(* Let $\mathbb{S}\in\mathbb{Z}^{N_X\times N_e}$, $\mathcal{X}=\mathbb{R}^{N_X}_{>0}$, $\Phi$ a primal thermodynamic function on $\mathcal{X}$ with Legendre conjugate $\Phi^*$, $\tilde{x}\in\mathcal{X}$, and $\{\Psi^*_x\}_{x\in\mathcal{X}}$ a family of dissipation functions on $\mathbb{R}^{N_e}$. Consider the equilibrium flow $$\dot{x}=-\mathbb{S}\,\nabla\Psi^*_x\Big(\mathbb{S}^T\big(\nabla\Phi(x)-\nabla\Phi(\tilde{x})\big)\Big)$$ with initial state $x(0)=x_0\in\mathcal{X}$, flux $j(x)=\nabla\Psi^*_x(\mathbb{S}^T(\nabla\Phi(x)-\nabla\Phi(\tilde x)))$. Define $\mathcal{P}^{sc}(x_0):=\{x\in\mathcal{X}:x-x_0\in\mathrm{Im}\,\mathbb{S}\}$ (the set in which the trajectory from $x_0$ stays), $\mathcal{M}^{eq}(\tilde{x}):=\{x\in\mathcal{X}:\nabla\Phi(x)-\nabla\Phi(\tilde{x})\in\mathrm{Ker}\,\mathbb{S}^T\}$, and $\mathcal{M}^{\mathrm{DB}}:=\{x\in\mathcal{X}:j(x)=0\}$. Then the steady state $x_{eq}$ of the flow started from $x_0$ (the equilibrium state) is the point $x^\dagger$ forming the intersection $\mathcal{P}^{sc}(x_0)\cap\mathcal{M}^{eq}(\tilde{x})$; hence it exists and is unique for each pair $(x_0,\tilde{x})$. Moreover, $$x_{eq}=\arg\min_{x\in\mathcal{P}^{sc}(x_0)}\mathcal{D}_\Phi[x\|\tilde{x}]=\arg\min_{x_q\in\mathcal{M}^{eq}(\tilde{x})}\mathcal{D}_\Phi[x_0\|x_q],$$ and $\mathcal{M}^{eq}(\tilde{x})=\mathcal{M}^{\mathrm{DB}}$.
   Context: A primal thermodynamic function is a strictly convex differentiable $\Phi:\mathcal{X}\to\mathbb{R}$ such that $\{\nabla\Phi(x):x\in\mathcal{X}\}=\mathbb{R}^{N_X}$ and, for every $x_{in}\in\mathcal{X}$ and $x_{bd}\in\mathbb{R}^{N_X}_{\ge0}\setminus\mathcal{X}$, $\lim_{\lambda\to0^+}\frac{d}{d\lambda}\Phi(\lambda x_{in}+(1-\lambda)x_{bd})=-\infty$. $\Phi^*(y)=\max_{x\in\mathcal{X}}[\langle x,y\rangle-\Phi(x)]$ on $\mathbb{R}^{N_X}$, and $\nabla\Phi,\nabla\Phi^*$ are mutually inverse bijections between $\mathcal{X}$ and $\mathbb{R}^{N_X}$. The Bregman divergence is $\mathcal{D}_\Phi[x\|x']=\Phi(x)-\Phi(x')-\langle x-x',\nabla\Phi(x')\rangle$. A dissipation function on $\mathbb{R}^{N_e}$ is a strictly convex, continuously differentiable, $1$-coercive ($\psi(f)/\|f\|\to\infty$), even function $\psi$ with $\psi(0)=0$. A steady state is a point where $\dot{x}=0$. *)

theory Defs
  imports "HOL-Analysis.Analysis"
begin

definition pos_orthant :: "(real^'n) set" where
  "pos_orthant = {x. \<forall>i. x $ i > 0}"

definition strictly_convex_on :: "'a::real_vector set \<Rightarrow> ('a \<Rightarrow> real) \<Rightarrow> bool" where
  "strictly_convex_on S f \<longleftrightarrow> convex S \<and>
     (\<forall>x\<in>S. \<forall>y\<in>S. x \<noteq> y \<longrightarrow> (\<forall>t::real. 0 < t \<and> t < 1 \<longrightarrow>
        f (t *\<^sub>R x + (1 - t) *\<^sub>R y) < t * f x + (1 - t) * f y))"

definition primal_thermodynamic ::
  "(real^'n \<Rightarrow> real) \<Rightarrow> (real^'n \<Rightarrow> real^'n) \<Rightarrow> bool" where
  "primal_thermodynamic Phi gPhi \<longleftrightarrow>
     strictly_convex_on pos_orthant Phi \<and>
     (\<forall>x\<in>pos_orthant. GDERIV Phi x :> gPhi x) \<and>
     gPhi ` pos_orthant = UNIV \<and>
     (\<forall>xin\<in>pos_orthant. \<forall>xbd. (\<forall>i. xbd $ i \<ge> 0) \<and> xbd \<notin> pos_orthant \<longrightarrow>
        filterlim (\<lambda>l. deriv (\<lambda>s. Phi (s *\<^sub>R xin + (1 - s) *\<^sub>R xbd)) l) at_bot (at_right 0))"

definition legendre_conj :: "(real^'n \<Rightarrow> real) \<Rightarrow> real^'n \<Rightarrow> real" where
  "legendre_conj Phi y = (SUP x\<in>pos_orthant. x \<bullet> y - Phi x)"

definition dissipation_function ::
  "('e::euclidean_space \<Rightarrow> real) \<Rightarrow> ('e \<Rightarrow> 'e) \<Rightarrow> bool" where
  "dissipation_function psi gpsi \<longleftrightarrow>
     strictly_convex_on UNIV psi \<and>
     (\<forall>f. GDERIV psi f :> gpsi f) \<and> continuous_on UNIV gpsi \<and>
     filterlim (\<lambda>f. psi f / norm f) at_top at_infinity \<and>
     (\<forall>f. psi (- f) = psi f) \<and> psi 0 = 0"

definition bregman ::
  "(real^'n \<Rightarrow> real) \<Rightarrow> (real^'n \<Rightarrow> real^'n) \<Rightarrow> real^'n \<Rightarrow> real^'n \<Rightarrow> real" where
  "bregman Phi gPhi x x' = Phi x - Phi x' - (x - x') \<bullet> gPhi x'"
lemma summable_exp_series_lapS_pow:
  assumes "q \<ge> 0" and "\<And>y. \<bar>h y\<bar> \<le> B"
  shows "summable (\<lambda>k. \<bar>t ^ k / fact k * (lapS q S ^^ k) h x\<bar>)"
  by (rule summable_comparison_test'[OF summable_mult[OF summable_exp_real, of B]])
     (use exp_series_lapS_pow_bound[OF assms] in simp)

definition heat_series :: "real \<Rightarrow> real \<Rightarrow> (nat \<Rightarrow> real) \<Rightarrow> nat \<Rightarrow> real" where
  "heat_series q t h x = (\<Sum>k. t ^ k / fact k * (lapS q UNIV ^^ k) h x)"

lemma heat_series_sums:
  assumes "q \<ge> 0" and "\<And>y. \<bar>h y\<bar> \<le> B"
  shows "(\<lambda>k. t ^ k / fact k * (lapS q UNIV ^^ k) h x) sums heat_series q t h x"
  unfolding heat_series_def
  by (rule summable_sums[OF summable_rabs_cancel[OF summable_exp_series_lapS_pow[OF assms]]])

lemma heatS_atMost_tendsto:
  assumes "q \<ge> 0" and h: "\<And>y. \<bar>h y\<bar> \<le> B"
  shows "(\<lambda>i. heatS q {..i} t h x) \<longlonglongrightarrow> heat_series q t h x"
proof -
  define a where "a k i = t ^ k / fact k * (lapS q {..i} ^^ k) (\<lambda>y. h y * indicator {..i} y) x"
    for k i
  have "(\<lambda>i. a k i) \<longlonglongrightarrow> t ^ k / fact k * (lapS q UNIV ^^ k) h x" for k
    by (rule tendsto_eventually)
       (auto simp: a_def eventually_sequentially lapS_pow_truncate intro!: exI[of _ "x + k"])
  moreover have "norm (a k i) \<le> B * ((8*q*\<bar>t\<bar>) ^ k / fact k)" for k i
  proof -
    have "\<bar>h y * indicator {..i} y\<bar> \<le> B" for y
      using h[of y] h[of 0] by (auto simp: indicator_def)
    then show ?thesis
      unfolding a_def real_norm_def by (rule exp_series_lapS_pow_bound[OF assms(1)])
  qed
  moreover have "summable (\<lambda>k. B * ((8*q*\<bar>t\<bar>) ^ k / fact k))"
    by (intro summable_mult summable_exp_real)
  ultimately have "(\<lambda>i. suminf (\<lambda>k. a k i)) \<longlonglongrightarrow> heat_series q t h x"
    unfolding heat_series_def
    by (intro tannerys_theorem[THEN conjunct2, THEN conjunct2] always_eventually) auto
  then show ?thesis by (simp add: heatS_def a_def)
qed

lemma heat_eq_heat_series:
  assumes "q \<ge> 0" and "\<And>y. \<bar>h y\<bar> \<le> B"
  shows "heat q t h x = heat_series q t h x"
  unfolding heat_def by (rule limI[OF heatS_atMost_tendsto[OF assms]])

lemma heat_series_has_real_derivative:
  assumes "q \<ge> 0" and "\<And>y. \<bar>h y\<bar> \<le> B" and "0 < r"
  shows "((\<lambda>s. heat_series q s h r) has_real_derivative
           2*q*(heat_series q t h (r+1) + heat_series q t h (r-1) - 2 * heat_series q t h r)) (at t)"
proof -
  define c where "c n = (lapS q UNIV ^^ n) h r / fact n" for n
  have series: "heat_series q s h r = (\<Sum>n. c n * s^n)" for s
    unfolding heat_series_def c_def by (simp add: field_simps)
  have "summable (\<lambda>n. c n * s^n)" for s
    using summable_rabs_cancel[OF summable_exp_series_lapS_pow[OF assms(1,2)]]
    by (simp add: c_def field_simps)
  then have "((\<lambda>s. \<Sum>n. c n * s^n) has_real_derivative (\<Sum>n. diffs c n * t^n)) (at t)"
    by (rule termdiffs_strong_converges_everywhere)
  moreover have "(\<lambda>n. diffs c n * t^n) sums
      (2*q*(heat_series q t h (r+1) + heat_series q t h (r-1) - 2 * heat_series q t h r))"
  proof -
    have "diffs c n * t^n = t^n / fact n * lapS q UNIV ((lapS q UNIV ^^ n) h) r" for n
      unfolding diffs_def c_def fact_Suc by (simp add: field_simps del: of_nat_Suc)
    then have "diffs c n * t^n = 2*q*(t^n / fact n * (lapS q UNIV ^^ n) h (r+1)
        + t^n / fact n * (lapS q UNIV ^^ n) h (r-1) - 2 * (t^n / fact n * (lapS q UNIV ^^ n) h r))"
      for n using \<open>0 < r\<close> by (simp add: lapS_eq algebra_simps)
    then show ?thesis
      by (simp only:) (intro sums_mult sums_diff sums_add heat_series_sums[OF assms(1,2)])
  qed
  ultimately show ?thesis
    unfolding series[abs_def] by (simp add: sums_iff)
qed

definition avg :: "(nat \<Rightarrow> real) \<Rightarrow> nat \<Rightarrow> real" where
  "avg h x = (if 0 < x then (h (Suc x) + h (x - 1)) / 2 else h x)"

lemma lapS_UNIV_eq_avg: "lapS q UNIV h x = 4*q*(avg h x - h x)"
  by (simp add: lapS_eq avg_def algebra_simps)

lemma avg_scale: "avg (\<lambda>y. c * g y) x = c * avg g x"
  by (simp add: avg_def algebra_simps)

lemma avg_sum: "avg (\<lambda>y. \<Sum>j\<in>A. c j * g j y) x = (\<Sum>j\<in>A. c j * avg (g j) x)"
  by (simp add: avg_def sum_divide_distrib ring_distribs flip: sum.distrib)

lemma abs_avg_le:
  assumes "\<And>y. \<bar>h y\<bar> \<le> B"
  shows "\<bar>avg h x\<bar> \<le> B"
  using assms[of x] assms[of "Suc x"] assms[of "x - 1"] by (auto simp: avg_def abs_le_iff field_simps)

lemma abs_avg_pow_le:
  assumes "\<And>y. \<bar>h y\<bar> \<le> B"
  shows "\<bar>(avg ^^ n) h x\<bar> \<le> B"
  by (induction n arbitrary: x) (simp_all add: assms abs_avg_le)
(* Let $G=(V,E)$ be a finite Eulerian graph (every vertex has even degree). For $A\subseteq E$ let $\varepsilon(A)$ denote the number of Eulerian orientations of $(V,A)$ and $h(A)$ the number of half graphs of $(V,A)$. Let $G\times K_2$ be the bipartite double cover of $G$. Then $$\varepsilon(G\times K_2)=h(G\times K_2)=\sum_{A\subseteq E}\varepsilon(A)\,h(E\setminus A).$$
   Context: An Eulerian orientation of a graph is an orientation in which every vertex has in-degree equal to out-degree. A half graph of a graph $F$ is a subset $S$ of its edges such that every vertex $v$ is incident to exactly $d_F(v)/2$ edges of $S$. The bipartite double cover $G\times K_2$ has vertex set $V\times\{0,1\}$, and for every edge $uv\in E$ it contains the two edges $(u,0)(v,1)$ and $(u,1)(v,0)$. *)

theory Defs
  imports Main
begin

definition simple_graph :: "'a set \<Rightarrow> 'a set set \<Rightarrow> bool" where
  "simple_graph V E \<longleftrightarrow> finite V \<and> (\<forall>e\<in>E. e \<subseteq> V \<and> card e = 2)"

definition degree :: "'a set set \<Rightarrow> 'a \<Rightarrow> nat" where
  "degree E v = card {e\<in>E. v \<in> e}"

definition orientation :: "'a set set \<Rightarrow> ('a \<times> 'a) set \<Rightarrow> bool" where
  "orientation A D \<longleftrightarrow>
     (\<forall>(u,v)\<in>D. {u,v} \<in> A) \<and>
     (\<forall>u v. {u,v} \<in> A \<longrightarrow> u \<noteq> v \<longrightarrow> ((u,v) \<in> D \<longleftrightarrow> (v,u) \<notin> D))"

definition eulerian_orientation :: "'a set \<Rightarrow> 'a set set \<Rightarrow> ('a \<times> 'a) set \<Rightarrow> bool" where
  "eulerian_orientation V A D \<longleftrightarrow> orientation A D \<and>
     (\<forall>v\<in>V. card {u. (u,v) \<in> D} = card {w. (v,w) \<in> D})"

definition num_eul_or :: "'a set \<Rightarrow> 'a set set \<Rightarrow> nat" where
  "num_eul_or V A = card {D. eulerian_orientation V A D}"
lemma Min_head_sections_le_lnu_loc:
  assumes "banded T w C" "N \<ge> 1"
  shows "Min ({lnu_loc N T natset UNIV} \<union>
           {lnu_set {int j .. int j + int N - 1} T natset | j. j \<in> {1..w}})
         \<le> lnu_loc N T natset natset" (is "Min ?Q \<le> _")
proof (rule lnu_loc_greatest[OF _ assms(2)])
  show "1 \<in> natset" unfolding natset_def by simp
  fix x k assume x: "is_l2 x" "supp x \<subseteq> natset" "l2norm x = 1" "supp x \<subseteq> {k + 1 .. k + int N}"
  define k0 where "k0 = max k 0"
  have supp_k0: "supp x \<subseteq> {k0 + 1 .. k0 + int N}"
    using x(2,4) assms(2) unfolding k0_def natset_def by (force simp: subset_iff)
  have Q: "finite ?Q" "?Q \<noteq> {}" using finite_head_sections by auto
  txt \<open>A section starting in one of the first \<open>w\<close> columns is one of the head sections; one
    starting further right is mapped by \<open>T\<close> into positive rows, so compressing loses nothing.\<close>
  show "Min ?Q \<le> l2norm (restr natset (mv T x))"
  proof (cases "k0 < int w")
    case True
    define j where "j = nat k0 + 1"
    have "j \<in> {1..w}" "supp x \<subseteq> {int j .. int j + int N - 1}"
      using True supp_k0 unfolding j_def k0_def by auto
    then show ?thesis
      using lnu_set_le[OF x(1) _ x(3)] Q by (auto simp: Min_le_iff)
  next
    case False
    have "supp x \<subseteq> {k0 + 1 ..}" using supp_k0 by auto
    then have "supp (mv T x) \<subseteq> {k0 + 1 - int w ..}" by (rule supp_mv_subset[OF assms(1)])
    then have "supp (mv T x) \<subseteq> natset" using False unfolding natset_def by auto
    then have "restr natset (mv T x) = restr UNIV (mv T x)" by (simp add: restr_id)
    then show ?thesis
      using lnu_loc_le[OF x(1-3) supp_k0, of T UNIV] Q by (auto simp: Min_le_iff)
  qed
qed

- - -

= Work task =
Give back, word for word, only the lines above from the line holding "strictly_convex_on pos_orthant Phi" to the line holding "strictly_convex_on UNIV psi \<and>", both included.

= Result =
     strictly_convex_on pos_orthant Phi \<and>
     (\<forall>x\<in>pos_orthant. GDERIV Phi x :> gPhi x) \<and>
     gPhi ` pos_orthant = UNIV \<and>
     (\<forall>xin\<in>pos_orthant. \<forall>xbd. (\<forall>i. xbd $ i \<ge> 0) \<and> xbd \<notin> pos_orthant \<longrightarrow>
        filterlim (\<lambda>l. deriv (\<lambda>s. Phi (s *\<^sub>R xin + (1 - s) *\<^sub>R xbd)) l) at_bot (at_right 0))"

definition legendre_conj :: "(real^'n \<Rightarrow> real) \<Rightarrow> real^'n \<Rightarrow> real" where
  "legendre_conj Phi y = (SUP x\<in>pos_orthant. x \<bullet> y - Phi x)"

definition dissipation_function ::
  "('e::euclidean_space \<Rightarrow> real) \<Rightarrow> ('e \<Rightarrow> 'e) \<Rightarrow> bool" where
  "dissipation_function psi gpsi \<longleftrightarrow>
     strictly_convex_on UNIV psi \<and>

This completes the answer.